Bienvenidos una vez más a su portal de poemas románticos, es un placer tenerlos con nosotros compartiendo más de los mejores poemas de amor y desamor, para esta nueva entrega decidimos compartir un poema muy profundo e inspirador con sus versos de amor, titulado Vivo sin vivir en mí- Santa Teresa de Jesús.

Entre la variedad de poemas que Santa Teresa de Jesús que tiene para ofrecer destacaremos “Vivo sin vivir en mí”, un poema intenso en donde expresa lo que se siente vivir sin la persona que se ama con todas las fuerzas del ser, alma y corazón.

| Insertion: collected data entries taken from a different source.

text \<open>If some monomial \<open>X^[b]\<close> of \<open>f_(j-a)\<close> had degree at least two in the \<open>Z\<close>,
  split \<open>b = \<beta> + \<gamma>\<close> with \<open>|\<beta>| = u\<close> so that both \<open>\<beta>\<close> and \<open>\<gamma>\<close> involve some \<open>Z\<close>.
  All monomials of \<open>F\<close> of degree \<open>> j - a\<close> are free of \<open>Z\<close>, so contracting \<open>F\<close> by a
  series of order \<open>k\<close> leaves no \<open>X^[x]\<close>-term whenever \<open>x\<close> involves a \<open>Z\<close> and
  \<open>k + |x| > j - a\<close>. Hence \<open>x^\<beta>\<close> kills \<open>m^(j+1-a-u)\<close> modulo \<open>Ann F\<close>, i.e. it lies in
  \<open>C_A(a)_u\<close>; whereas the functional "coefficient of \<open>X^[\<gamma>]\<close> in \<open>g \<circ> F\<close>" vanishes on
  \<open>C_A(a+1)_u + m^(u+1)\<close> and takes the value \<open>F_b \<noteq> 0\<close> at \<open>x^\<beta>\<close>. So \<open>H_A(a)_u \<noteq> 0\<close>.\<close>

section \<open>Linear independence modulo a subspace\<close>

lemma sum_fun_apply: "(\<Sum>v\<in>S. f v) x = (\<Sum>v\<in>S. f v x)"
  for f :: "'a \<Rightarrow> 'v \<Rightarrow> 'k::comm_monoid_add"
  by (induction S rule: infinite_finite_induct) auto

Esperamos que el poema sea de su total y completo agrado, como siempre no olviden en compartir sus opiniones y comentarios los cuales son muy tomados en cuenta por los administradores de este su portal de poemas románticos. 

 

VIVO SIN VIVIR EN MÍ
Vivo sin vivir en mí,
y tan alta vida espero,
que muero porque no muero.

Vivo ya fuera de mí,
después que muero de amor;
porque vivo en el Señor,
que me quiso para sí:
cuando el corazón le di
puso en él este letrero,
que muero porque no muero.

Esta divina prisión,
del amor en que yo vivo,
ha hecho a Dios mi cautivo,
y libre mi corazón;
y causa en mí tal pasión
ver a Dios mi prisionero,
que muero porque no muero.

¡Ay, qué larga es esta vida!
¡Qué duros estos destierros,
esta cárcel, estos hierros
en que el alma está metida!
Sólo esperar la salida
me causa dolor tan fiero,
que muero porque no muero.

¡Ay, qué vida tan amarga
do no se goza el Señor!
Porque si es dulce el amor,
no lo es la esperanza larga:
quíteme Dios esta carga,
más pesada que el acero,
que muero porque no muero.

Sólo con la confianza
vivo de que he de morir,
porque muriendo el vivir
me asegura mi esperanza;
muerte do el vivir se alcanza,
no te tardes, que te espero,
que muero porque no muero.

Mira que el amor es fuerte;
vida, no me seas molesta,
mira que sólo me resta,
para ganarte perderte.
Venga ya la dulce muerte,
el morir venga ligero
que muero porque no muero.

Aquella vida de arriba,
que es la vida verdadera,
hasta que esta vida muera,
no se goza estando viva:
muerte, no me seas esquiva;
viva muriendo primero,
que muero porque no muero.

Vida, ¿qué puedo yo darle
a mi Dios que vive en mí,
si no es el perderte a ti,
para merecer ganarle?
Quiero muriendo alcanzarle,
pues tanto a mi Amado quiero,
que muero porque no muero.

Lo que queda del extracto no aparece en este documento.